Dimitri began to laugh softly.

“What’s so funny?”

“No one saw anyone when they looked because I had already tackled you.”

“I don’t understand…”

“Idiot! Don’t you see? WE were the two men behind the fence! You found out what you were after, after all.”

“Omigod…”

“Yes, there was a second gunman. It was you, you fool! And that’s why there is such a mystery! Because the second gunman didn’t shoot at Kennedy. He shot at Oswald.”

Dimitri nodded at Hurtt. “We created the mystery of the second gunman.”

Hurtt winced as he straightened up. “You said your car is inside here. Let’s get to a hospital.”

As they rolled over the speed bump on the way out of the industrial park, Hurtt groaned--and then began to chuckle.

Dimitri leaned over. “What’s so funny?”

Hurtt smiled at him. “I got what I wanted--after pissing away twenty million dollars--and it sure wasn’t what I expected. But I did learn I was always right about one thing.”

“What?”

“I still don’t like history.”

Dimitri looked at him, a bit shocked, then saw his pained grin, and laughed.

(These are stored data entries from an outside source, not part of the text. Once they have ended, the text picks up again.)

theorem theorem3:
  fixes C1 :: "(bit ^ 'n) set" and k1 d1 :: nat
  assumes "bin_linear_code C1"
    and "vec.dim C1 = k1"
    and "C1 \<noteq> {0}"
    and "min_dist C1 = d1"
    and "even_like_code C1"
  shows "bin_linear_code (u_uv C1 (vec.span {all_ones}))
     \<and> CARD('n + 'n) = 2 * CARD('n)
     \<and> vec.dim (u_uv C1 (vec.span {all_ones})) = k1 + 1
     \<and> min_dist (u_uv C1 (vec.span {all_ones})) = min (2 * d1) CARD('n)
     \<and> (odd CARD('n) \<longrightarrow> vec.dim (hull_E (u_uv C1 (vec.span {all_ones}))) = k1)
     \<and> (even CARD('n) \<longrightarrow> vec.dim (hull_E (u_uv C1 (vec.span {all_ones}))) = k1 + 1)"
proof -
  let ?R = "vec.span {all_ones :: bit ^ 'n}"
  have C1: "vec.subspace C1"
    using assms(1) by (simp add: bin_linear_code_def)
  then have "0 \<in> C1"
    by (rule vec.subspace_0)
  have R: "vec.subspace ?R" "?R \<noteq> {0}"
    by (rule vec.subspace_span) (simp add: span_all_ones)
  have "min_dist ?R = CARD('n)"
    by (rule min_dist_span_all_ones)
  have dim_C: "vec.dim (u_uv C1 ?R) = k1 + 1"
    using dim_u_uv[OF C1 R(1)] dim_span_all_ones assms(2) by simp
  have dim_odd_hull: "vec.dim (u_uv C1 {0}) = k1"
    using dim_u_uv[OF C1 vec.subspace_single_0] assms(2) by simp
  show ?thesis
    using subspace_u_uv[OF C1 R(1)] dim_C dim_odd_hull
      min_dist_u_uv[OF C1 R(1) assms(3) R(2)] assms(4) \<open>min_dist ?R = CARD('n)\<close>
      hull_E_u_uv_all_ones_even[OF assms(5)] hull_E_u_uv_all_ones_odd[OF assms(5) \<open>0 \<in> C1\<close>]
    by (simp add: bin_linear_code_def)
qed

end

“Hold on,” he said, “we’ll get you patched up at the hospital. Once your ribs are healed, then we can laugh about the ironies of fate all we want.”

“A very Russian attitude towards history,” said Hurtt, still clutching his chest.

“A very practical one, I would add,” said Dimitri. “It’s a lesson you should learn.”

“I just did,” said Hurtt. “That lesson cost me $20 million. Watch out for that pothole.”